Our present study aimed to go beyond several limitations of existing questionnaires in psychedelic drug research. In this neuroscience community, questionnaires built off questions that were often conceived decades ago - with the intention of being broadly relevant to multidimensional alterations in conscious experience - are used by researchers to measure subjective effects due, specifically, to psychedelic drugs (Bayne & Carter, 2018). It appears that such long-standing questionnaires were designed by small numbers of scientists, without necessarily trying to reach broader consensus or pooling design decisions across alternative viewpoints from a number of scientists and other actors from the psychedelics community (Barrett et al., 2015). For example, previously established views about mystical experiences, including implicitly religious views, influenced the study of psychedelic drug experiences, such as items comprising the Mystical Experience Questionnaire (MEQ) (Barrett et al., 2015; Maclean et al., 2012).
Still today, there is only a limited set of established questionnaires that are accepted and commonly used in psychedelic research, aside from the MEQ, which mostly includes the Hallucinogen Rating Scale (HRS), developed according to a similar mystical framework like the MEQ, the States of Consciousness Questionnaire, the 5-Dimensional Altered States of Consciousness questionnaire, the Challenging Experience Questionnaire, the States of Consciousness questionnaire, the Emotional Breakthrough Inventory, and the Psychological Insight Scale (Barrett et al., 2016; Barrett et al., 2015; Dougherty et al., 2023; Hovmand et al., 2024; Maclean et al., 2012; Peill et al., 2022; Roseman et al., 2019; Spriggs et al., 2021). But, what if the incumbent psychological questionnaires for psychedelic experiences are missing some key experiential features that we have not planned to probe, and are therefore routinely evading us?
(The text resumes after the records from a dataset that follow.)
(* Let $\mathcal{X}=\mathbb{T}^d$, consider the diffusion $dX_t=b(X_t)\,dt+dW_t$ with $b\in C^\infty(\mathbb{T}^d)$, let $f\in C^\infty(\mathbb{T}^d)$, and let $Q^f_{\Delta t}$ be a consistent discretization of the associated Feynman–Kac semigroup satisfying Assumption 6. Then there exists $\Delta t^{**}>0$ such that for every $\Delta t\in(0,\Delta t^{**}]$ the discrete Feynman–Kac dynamics $\Phi_k(\mu)(\varphi)=\mu((Q^f_{\Delta t})^k\varphi)/\mu((Q^f_{\Delta t})^k\mathbb{1})$ admits a unique invariant probability measure $\mu^*_{f,\Delta t}$ (fixed point of $\Phi_1$), and there exist $\kappa>0$, $C>0$ (independent of $\Delta t$) such that for every bounded measurable $\varphi$, every probability measure $\mu$ on $\mathbb{T}^d$ and every $\Delta t\in(0,\Delta t^{**}]$, $$\forall\,k\geq0,\quad \big|\Phi_k(\mu)(\varphi)-\mu^*_{f,\Delta t}(\varphi)\big|\leq Ce^{-\kappa k\Delta t}\|\varphi\|_{L^\infty}.$$
   Context: Generator $\mathcal{L}=b\cdot\nabla+\frac12\Delta$. $\lceil a\rceil$ is the upper integer part; $\mathbb{1}$ is the constant function $1$; $\Phi_0(\mu)=\mu$. Consistent discretization: a kernel operator $Q^f_{\Delta t}$ (depending on a time step $\Delta t>0$) such that for every bounded measurable $\varphi$, $Q^f_{\Delta t}\varphi$ is continuous (strong Feller), and there exist $\Delta t^*>0$, $C>0$, $p\in\mathbb{N}$ and operators $\mathcal{R}_{\Delta t}:C^\infty(\mathbb{T}^d)\to C^\infty(\mathbb{T}^d)$ such that for all $\varphi\in C^\infty$, $Q^f_{\Delta t}\varphi=\varphi+\Delta t(\mathcal{L}+f)\varphi+\Delta t^2\mathcal{R}_{\Delta t}\varphi$ with $\|\mathcal{R}_{\Delta t}\varphi\|_{L^\infty}\leq C\sup_{|m|\leq p}\|\partial^m\varphi\|_{L^\infty}$ for all $\Delta t\in(0,\Delta t^*]$. Assumption 6 (uniform minorization and boundedness): for a fixed $T>0$ there exist $\Delta t^*>0$, a probability measure $\eta$ on $\mathbb{T}^d$ and $\alpha\in(0,1)$ such that for every $\Delta t\in(0,\Delta t^*]$, $Q^f_{\Delta t}$ is strong Feller and for every bounded measurable $\varphi\geq0$ and all $x$: $\alpha\eta(\varphi)\leq\big((Q^f_{\Delta t})^{\lceil T/\Delta t\rceil}\varphi\big)(x)\leq\alpha^{-1}\eta(\varphi)$. *)

theory Defs
  imports "HOL-Analysis.Analysis" "HOL-Probability.Probability"
begin

text \<open>The torus T^d is represented by R^d (type real^'d) modulo Z^d: functions on
  T^d are Z^d-periodic functions on R^d, measures on T^d are measures on R^d
  concentrated on the fundamental cube [0,1)^d.\<close>

definition periodic :: "(real^'d \<Rightarrow> 'b) \<Rightarrow> bool" where
  "periodic g \<longleftrightarrow> (\<forall>x i. g (x + axis i 1) = g x)"

definition cube :: "(real^'d::finite) set" where
  "cube = {x. \<forall>i. 0 \<le> x $ i \<and> x $ i < 1}"

definition pd :: "'d::finite \<Rightarrow> (real^'d \<Rightarrow> real) \<Rightarrow> real^'d \<Rightarrow> real" where
  "pd i g x = deriv (\<lambda>t. g (x + t *\<^sub>R axis i 1)) 0"

fun pdm :: "'d::finite list \<Rightarrow> (real^'d \<Rightarrow> real) \<Rightarrow> real^'d \<Rightarrow> real" where
  "pdm [] g = g"
| "pdm (i # ms) g = pd i (pdm ms g)"

definition smooth :: "(real^'d::finite \<Rightarrow> real) \<Rightarrow> bool" where
  "smooth g \<longleftrightarrow> (\<forall>ms. continuous_on UNIV (pdm ms g) \<and>
      (\<forall>i x. (\<lambda>t. pdm ms g (x + t *\<^sub>R axis i 1)) differentiable (at 0)))"

definition smooth_torus :: "(real^'d::finite \<Rightarrow> real) \<Rightarrow> bool" where
  "smooth_torus g \<longleftrightarrow> smooth g \<and> periodic g"

definition bmeas_torus :: "(real^'d::finite \<Rightarrow> real) \<Rightarrow> bool" where
  "bmeas_torus g \<longleftrightarrow> periodic g \<and> g \<in> borel_measurable borel \<and> bounded (range g)"

text \<open>Sup norm (the L^infinity norm of the statement, taken pointwise).\<close>
definition supnorm :: "(real^'d::finite \<Rightarrow> real) \<Rightarrow> real" where
  "supnorm g = (SUP x. \<bar>g x\<bar>)"

definition torus_prob :: "(real^'d::finite) measure \<Rightarrow> bool" where
  "torus_prob \<mu> \<longleftrightarrow> prob_space \<mu> \<and> sets \<mu> = sets borel \<and> emeasure \<mu> cube = 1"

definition gen :: "(real^'d::finite \<Rightarrow> real^'d) \<Rightarrow> (real^'d \<Rightarrow> real) \<Rightarrow> real^'d \<Rightarrow> real" where
  "gen b g x = (\<Sum>i\<in>UNIV. b x $ i * pd i g x) + (1/2) * (\<Sum>i\<in>UNIV. pd i (pd i g) x)"

definition Qop :: "(real \<Rightarrow> real^'d::finite \<Rightarrow> (real^'d) measure) \<Rightarrow> real
    \<Rightarrow> (real^'d \<Rightarrow> real) \<Rightarrow> real^'d \<Rightarrow> real" where
  "Qop K dt g x = integral\<^sup>L (K dt x) g"

definition kernel_torus :: "(real \<Rightarrow> real^'d::finite \<Rightarrow> (real^'d) measure) \<Rightarrow> bool" where
  "kernel_torus K \<longleftrightarrow> (\<forall>dt>0. \<forall>x.
      finite_measure (K dt x) \<and> sets (K dt x) = sets borel \<and>
      emeasure (K dt x) (UNIV - cube) = 0 \<and>
      (\<forall>i. K dt (x + axis i 1) = K dt x))"

definition strong_feller :: "(real \<Rightarrow> real^'d::finite \<Rightarrow> (real^'d) measure) \<Rightarrow> real \<Rightarrow> bool" where
  "strong_feller K dt \<longleftrightarrow> (\<forall>g. bmeas_torus g \<longrightarrow> continuous_on UNIV (Qop K dt g))"

definition consistent_discretization ::
  "(real^'d::finite \<Rightarrow> real^'d) \<Rightarrow> (real^'d \<Rightarrow> real) \<Rightarrow> (real \<Rightarrow> real^'d \<Rightarrow> (real^'d) measure) \<Rightarrow> bool" where
  "consistent_discretization b f K \<longleftrightarrow>
     kernel_torus K \<and> (\<forall>dt>0. strong_feller K dt) \<and>
     (\<exists>dtstar>0. \<exists>C>0. \<exists>p::nat. \<exists>R :: real \<Rightarrow> (real^'d \<Rightarrow> real) \<Rightarrow> (real^'d \<Rightarrow> real).
        \<forall>dt. 0 < dt \<and> dt \<le> dtstar \<longrightarrow> (\<forall>g. smooth_torus g \<longrightarrow>
          smooth_torus (R dt g) \<and>
          (\<forall>x. Qop K dt g x = g x + dt * (gen b g x + f x * g x) + dt\<^sup>2 * R dt g x) \<and>
          supnorm (R dt g) \<le> C * Sup {supnorm (pdm ms g) | ms. length ms \<le> p}))"

definition assumption6 :: "(real \<Rightarrow> real^'d::finite \<Rightarrow> (real^'d) measure) \<Rightarrow> real \<Rightarrow> bool" where
  "assumption6 K T \<longleftrightarrow>
     (\<exists>dtstar>0. \<exists>\<eta>. torus_prob \<eta> \<and> (\<exists>\<alpha>. 0 < \<alpha> \<and> \<alpha> < 1 \<and>
        (\<forall>dt. 0 < dt \<and> dt \<le> dtstar \<longrightarrow> strong_feller K dt \<and>
          (\<forall>g. bmeas_torus g \<and> (\<forall>x. 0 \<le> g x) \<longrightarrow> (\<forall>x.
             \<alpha> * integral\<^sup>L \<eta> g \<le> (Qop K dt ^^ nat \<lceil>T / dt\<rceil>) g x \<and>
             (Qop K dt ^^ nat \<lceil>T / dt\<rceil>) g x \<le> integral\<^sup>L \<eta> g / \<alpha>)))))"

definition Phi :: "(real \<Rightarrow> real^'d::finite \<Rightarrow> (real^'d) measure) \<Rightarrow> real \<Rightarrow> nat
    \<Rightarrow> (real^'d) measure \<Rightarrow> (real^'d \<Rightarrow> real) \<Rightarrow> real" where
  "Phi K dt k \<mu> g = integral\<^sup>L \<mu> ((Qop K dt ^^ k) g) / integral\<^sup>L \<mu> ((Qop K dt ^^ k) (\<lambda>_. 1))"

definition FK_invariant :: "(real \<Rightarrow> real^'d::finite \<Rightarrow> (real^'d) measure) \<Rightarrow> real
    \<Rightarrow> (real^'d) measure \<Rightarrow> bool" where
  "FK_invariant K dt \<nu> \<longleftrightarrow> (\<forall>g. bmeas_torus g \<longrightarrow> Phi K dt 1 \<nu> g = integral\<^sup>L \<nu> g)"
(* Let $G=(V,E)$ be a finite, simple, connected graph with $|V|\geq 3$, and let $d\in \mathrm{Der}(\mathcal{A}(G))$. If $\Gamma_3(G)=\emptyset$, i.e. $G$ has no twin class with at least three vertices, then $d=0$.
   Context: Throughout, $\mathbb{K}$ is a field of characteristic $0$. A graph $G=(V,E)$ has vertex set $V=\{1,\dots,n\}$ and is assumed finite, simple (no loops, no multiple edges) and connected. $\mathcal{N}(i)$ denotes the set of neighbors of vertex $i$, $\deg(i)=|\mathcal{N}(i)|$, and $(a_{ij})$ is the adjacency matrix ($a_{ij}=1$ if $i,j$ are adjacent, $0$ otherwise). The evolution algebra $\mathcal{A}(G)$ is the $\mathbb{K}$-algebra with basis $\{e_i: i\in V\}$ and product $e_i\cdot e_i=\sum_{k\in V}a_{ik}e_k=\sum_{k\in\mathcal{N}(i)}e_k$ and $e_i\cdot e_j=0$ for $i\neq j$. A derivation of $\mathcal{A}(G)$ is a linear map $d:\mathcal{A}(G)\to\mathcal{A}(G)$ with $d(u\cdot v)=d(u)\cdot v+u\cdot d(v)$ for all $u,v$; $\mathrm{Der}(\mathcal{A}(G))$ is the space of derivations. Two vertices $i,j$ are twins, written $i\sim_t j$, if $\mathcal{N}(i)=\mathcal{N}(j)$; this is an equivalence relation whose classes are called twin classes. $\Gamma_3(G)$ denotes the set of twin classes of $G$ having at least three vertices. *)

theory Defs
  imports Main
begin

text \<open>Elements of the evolution algebra A(G) are coordinate vectors u :: 'v \<Rightarrow> 'k
  w.r.t. the natural basis {e_i}; e_i has coordinates (\<lambda>k. if k = i then 1 else 0).\<close>

definition simple_graph :: "('v \<Rightarrow> 'v \<Rightarrow> bool) \<Rightarrow> bool" where
  "simple_graph E \<longleftrightarrow> (\<forall>i j. E i j \<longrightarrow> E j i) \<and> (\<forall>i. \<not> E i i)"

definition connected_graph :: "('v \<Rightarrow> 'v \<Rightarrow> bool) \<Rightarrow> bool" where
  "connected_graph E \<longleftrightarrow> (\<forall>i j. E\<^sup>*\<^sup>* i j)"

definition nbrs :: "('v \<Rightarrow> 'v \<Rightarrow> bool) \<Rightarrow> 'v \<Rightarrow> 'v set" where
  "nbrs E i = {k. E i k}"

definition twins :: "('v \<Rightarrow> 'v \<Rightarrow> bool) \<Rightarrow> 'v \<Rightarrow> 'v \<Rightarrow> bool" where
  "twins E i j \<longleftrightarrow> nbrs E i = nbrs E j"

definition twin_classes :: "('v \<Rightarrow> 'v \<Rightarrow> bool) \<Rightarrow> 'v set set" where
  "twin_classes E = {C. \<exists>i. C = {j. twins E i j}}"

definition Gamma3 :: "('v::finite \<Rightarrow> 'v \<Rightarrow> bool) \<Rightarrow> 'v set set" where
  "Gamma3 E = {C \<in> twin_classes E. card C \<ge> 3}"

text \<open>Product of A(G): e_i e_i = sum_{k} a_ik e_k, e_i e_j = 0 (i \<noteq> j), extended bilinearly.\<close>
definition evo_mult :: "('v::finite \<Rightarrow> 'v \<Rightarrow> bool) \<Rightarrow> ('v \<Rightarrow> 'k::field) \<Rightarrow> ('v \<Rightarrow> 'k) \<Rightarrow> ('v \<Rightarrow> 'k)" where
  "evo_mult E u v = (\<lambda>k. \<Sum>i\<in>UNIV. u i * v i * (if E i k then 1 else 0))"

definition is_linear_map :: "(('v \<Rightarrow> 'k::field) \<Rightarrow> ('v \<Rightarrow> 'k)) \<Rightarrow> bool" where
  "is_linear_map d \<longleftrightarrow>
     (\<forall>u v. d (\<lambda>x. u x + v x) = (\<lambda>x. d u x + d v x)) \<and>
     (\<forall>c u. d (\<lambda>x. c * u x) = (\<lambda>x. c * d u x))"

definition is_derivation :: "('v::finite \<Rightarrow> 'v \<Rightarrow> bool) \<Rightarrow> (('v \<Rightarrow> 'k::field) \<Rightarrow> ('v \<Rightarrow> 'k)) \<Rightarrow> bool" where
  "is_derivation E d \<longleftrightarrow> is_linear_map d \<and>
     (\<forall>u v. d (evo_mult E u v) = (\<lambda>k. evo_mult E (d u) v k + evo_mult E u (d v) k))"

end

theory Submission
imports Defs
begin

text \<open>Write \<open>d(e\<^sub>k) = \<Sum>\<^sub>j m\<^sub>j\<^sub>k e\<^sub>j\<close>. Applying \<open>d\<close> to \<open>e\<^sub>i e\<^sub>j = 0\<close> shows that \<open>m\<^sub>j\<^sub>k = 0\<close>
  unless \<open>j\<close> and \<open>k\<close> are twins, and that \<open>m\<^sub>j\<^sub>k = -m\<^sub>k\<^sub>j\<close> for distinct twins; applying
  it to \<open>e\<^sub>i\<^sup>2\<close> shows that the row sum \<open>\<Sum>\<^sub>k m\<^sub>j\<^sub>k\<close> equals \<open>2 m\<^sub>i\<^sub>i\<close> for every edge \<open>ij\<close>.
  If twin classes have at most two elements, a twin pair \<open>j, t\<close> has a common
  neighbour, so \<open>m\<^sub>j\<^sub>j = m\<^sub>t\<^sub>t\<close> and equal row sums, which forces \<open>m\<^sub>j\<^sub>t = m\<^sub>t\<^sub>j = 0\<close>.
  Then the row sum is the diagonal entry and \<open>m\<^sub>j\<^sub>j = 2 m\<^sub>i\<^sub>i = 4 m\<^sub>j\<^sub>j\<close> along an edge.\<close>

definition basis_vec :: "'v \<Rightarrow> 'v \<Rightarrow> 'k::{zero,one}" where
  "basis_vec i = (\<lambda>k. if k = i then 1 else 0)"

lemma evo_mult_basis_vec_right:
  "evo_mult E u (basis_vec j) = (\<lambda>k. u j * (if E j k then 1 else 0))"
proof
  fix k
  have "(\<Sum>i\<in>UNIV. u i * basis_vec j i * (if E i k then 1 else 0))
      = (\<Sum>i\<in>UNIV. if i = j then u j * (if E j k then 1 else 0) else 0)"
    by (rule sum.cong) (auto simp: basis_vec_def)
  then show "evo_mult E u (basis_vec j) k = u j * (if E j k then 1 else 0)"
    unfolding evo_mult_def by simp
qed

lemma evo_mult_commute: "evo_mult E u v = evo_mult E v u"
  unfolding evo_mult_def by (simp add: mult.commute)

lemma evo_mult_basis_vec_left:
  "evo_mult E (basis_vec j) u = (\<lambda>k. u j * (if E j k then 1 else 0))"
  by (simp add: evo_mult_commute evo_mult_basis_vec_right)

lemma is_linear_map_add: "is_linear_map d \<Longrightarrow> d (\<lambda>x. u x + v x) = (\<lambda>x. d u x + d v x)"
  unfolding is_linear_map_def by blast

lemma is_linear_map_scale: "is_linear_map d \<Longrightarrow> d (\<lambda>x. c * u x) = (\<lambda>x. c * d u x)"
  unfolding is_linear_map_def by blast

lemma is_linear_map_zero: "is_linear_map d \<Longrightarrow> d (\<lambda>x. 0) = (\<lambda>x. 0)"
  using is_linear_map_scale[of d 0] by simp

lemma is_linear_map_sum:
  assumes "is_linear_map d" "finite A"
  shows "d (\<lambda>x. \<Sum>k\<in>A. f k x) = (\<lambda>x. \<Sum>k\<in>A. d (f k) x)"
  using assms(2)
proof (induction A rule: finite_induct)
  case empty
  then show ?case using is_linear_map_zero[OF assms(1)] by simp
next
  case (insert a A)
  then have "d (\<lambda>x. \<Sum>k\<in>insert a A. f k x) = d (\<lambda>x. f a x + (\<Sum>k\<in>A. f k x))"
    by simp
  also have "\<dots> = (\<lambda>x. d (f a) x + d (\<lambda>x. \<Sum>k\<in>A. f k x) x)"
    by (rule is_linear_map_add[OF assms(1)])
  finally show ?case using insert by simp
qed

lemma is_linear_map_eq_zeroI:
  fixes d :: "('v::finite \<Rightarrow> 'k::field) \<Rightarrow> 'v \<Rightarrow> 'k"
  assumes "is_linear_map d" and "\<And>i. d (basis_vec i) = (\<lambda>k. 0)"
  shows "d = (\<lambda>u k. 0)"
proof
  fix u :: "'v \<Rightarrow> 'k"
  have "u = (\<lambda>x. \<Sum>i\<in>UNIV. u i * basis_vec i x)"
    by (auto simp: basis_vec_def if_distrib cong: if_cong)
  then have "d u = d (\<lambda>x. \<Sum>i\<in>UNIV. (\<lambda>x. u i * basis_vec i x) x)"
    by simp
  also have "\<dots> = (\<lambda>x. \<Sum>i\<in>UNIV. d (\<lambda>x. u i * basis_vec i x) x)"
    by (rule is_linear_map_sum[OF assms(1)]) simp
  also have "\<dots> = (\<lambda>x. 0)"
    by (simp add: is_linear_map_scale[OF assms(1)] assms(2))
  finally show "d u = (\<lambda>k. 0)" .
qed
As an unfolding paradigm shift, natural language processing (NLP) sees the emergence of large language models (LLMs), getting ever more powerful since the introduction of transformer architectures (Vaswani et al., 2017). In tasks such as semantic similarity assessment and question answering, new performance peaks have been reached with generously pretrained generative AI solutions. Semantic similarity tests typically use datasets where pairs of sentences are assessed on a scale for semantic equivalence. The popularity of LLMs has also grown with emergent capabilities, that is, modeling goals categorically impossible to achieve with smaller models (Wei et al., 2022). Thus, LLMs are now well positioned to help unlock unprecedented insights in neuroscience, inconceivable with previous generations of NLP tools, now enabling advanced text annotation and elaboration in an automated fashion.
A key differentiating factor of LLM technologies over more classical NLP tools is that the recently emerged modeling architectures are more naturally suited to be trained with a self-supervised learning goal (Lee, 2023). This model fitting regime involves using text, mostly from the internet, as probably the largest text source available, to train a model based on domain-agnostic general objectives, such as inferring randomly masked words and predicting the next upcoming word. This approach thus obviates the need for an expert-determined target label (normally an outcome variable ‘y’ in supervised machine learning algorithms), since the to-be-inferred internal world model emerges organically from the text sources themselves. What sets apart the self-attention mechanism used in transformer architectures from previous deep learning tools (Huang et al., 2015) is that the input sequence (such as a text document) is fed in as a whole (rather than word by word). The self-attention mechanism computes semantic correspondences between each word in the input, while word order in the sentence is also considered in the modeling flow. Not needing an outcome target (‘y’) leads to a scenario where several orders of magnitude of more data can now be leveraged as input for LLM training. This leads to the emergence of LLMs with semantic world knowledge, which can then provide the basis for queries in downstream tasks. Intuitively, LLMs can provide judgment of what a wide variety of persons on the internet, in books, and other sources, would generally think and respond in a certain context (Schrimpf et al., 2021).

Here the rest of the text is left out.